Liu Xinwang, Li Miaomiao, Tang Chang, Xia Jingyuan, Xiong Jian, Liu Li, Kloft Marius, Zhu En
IEEE Trans Pattern Anal Mach Intell. 2021 Aug;43(8):2634-2646. doi: 10.1109/TPAMI.2020.2974828. Epub 2021 Jul 1.
Incomplete multi-view clustering (IMVC) optimally combines multiple pre-specified incomplete views to improve clustering performance. Among various excellent solutions, the recently proposed multiple kernel k-means with incomplete kernels (MKKM-IK) forms a benchmark, which redefines IMVC as a joint optimization problem where the clustering and kernel matrix imputation tasks are alternately performed until convergence.
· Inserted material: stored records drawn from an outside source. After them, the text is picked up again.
(* Let $\Theta$ be an $N$-tuple of pairwise commuting symmetric positive definite $n\times n$ matrices and $G\in\mathcal{G}_\Theta$, and let $Y_{e^t}=\lim_{M_1\to\infty}\cdots\lim_{M_N\to\infty}\sum_{j_1=-M_1}^{t_1}\cdots\sum_{j_N=-M_N}^{t_N}e^{j\ast\Theta}\Delta_jG$. Then for every $t\in\mathbb{Z}^N$, $\sum_{j_1=-M_1}^{t_1}\cdots\sum_{j_N=-M_N}^{t_N}e^{j\ast\Theta}\Delta_jG\to Y_{e^t}$ in probability regardless of how $M=(M_1,\dots,M_N)$ tends to infinity (i.e. for every order of iterated limits and as the joint limit $\min_lM_l\to\infty$), with the same limit.
   Context: For $t\in\mathbb{Z}^N$ and an $N$-tuple $\Theta$ of $n\times n$ matrices, $t\ast\Theta=\sum_{j=1}^N t_j\Theta_j$. For a field $Z=(Z_t)_{t\in\mathbb{Z}^N}$, $\Delta_t Z=\sum_{i\in\{0,1\}^N}(-1)^{i_1+\dots+i_N}Z_{t_1-i_1,\dots,t_N-i_N}$. Equality in law of fields means equality of all finite-dimensional distributions. $G$ is a stationary increment field if $(\Delta_{t+s}G)_{t}$ and $(\Delta_tG)_{t}$ are equal in law for every $s\in\mathbb{Z}^N$. $\mathcal{G}_\Theta$ is the class of stationary increment fields $G$ such that the iterated limit $\lim_{M_1\to\infty}\cdots\lim_{M_N\to\infty}\sum_{j_1=-M_1}^{t_1}\cdots\sum_{j_N=-M_N}^{t_N}e^{j\ast\Theta}\Delta_jG$ converges in probability for every $t\in\mathbb{Z}^N$. *)

theory Defs
  imports "HOL-Probability.Probability"
begin

primrec mpow :: "real^'n^'n \<Rightarrow> nat \<Rightarrow> real^'n^'n" where
  "mpow A 0 = mat 1"
| "mpow A (Suc k) = A ** mpow A k"

definition mexp :: "real^'n^'n \<Rightarrow> real^'n^'n" where
  "mexp A = (\<Sum>k. (1 / fact k) *\<^sub>R mpow A k)"

definition sym_posdef :: "real^'n^'n \<Rightarrow> bool" where
  "sym_posdef A \<longleftrightarrow> transpose A = A \<and> (\<forall>x. x \<noteq> 0 \<longrightarrow> 0 < x \<bullet> (A *v x))"

definition ZN :: "nat \<Rightarrow> (nat \<Rightarrow> int) set" where
  "ZN N = {t. \<forall>l\<ge>N. t l = 0}"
Though demonstrating promising performance in various applications, we observe that the manner of kernel matrix imputation in MKKM-IK would incur intensive computational and storage complexities, over-complicated optimization and limitedly improved clustering performance. In this paper, we first propose an Efficient and Effective Incomplete Multi-view Clustering (EE-IMVC) algorithm to address these issues. Instead of completing the incomplete kernel matrices, EE-IMVC proposes to impute each incomplete base matrix generated by incomplete views with a learned consensus clustering matrix. Moreover, we further improve this algorithm by incorporating prior knowledge to regularize the learned consensus clustering matrix. Two three-step iterative algorithms are carefully developed to solve the resultant optimization problems with linear computational complexity, and their convergence is theoretically proven. After that, we theoretically study the generalization bound of the proposed algorithms. Furthermore, we conduct comprehensive experiments to study the proposed algorithms in terms of clustering accuracy, evolution of the learned consensus clustering matrix and the convergence. As indicated, our algorithms deliver their effectiveness by significantly and consistently outperforming some state-of-the-art ones.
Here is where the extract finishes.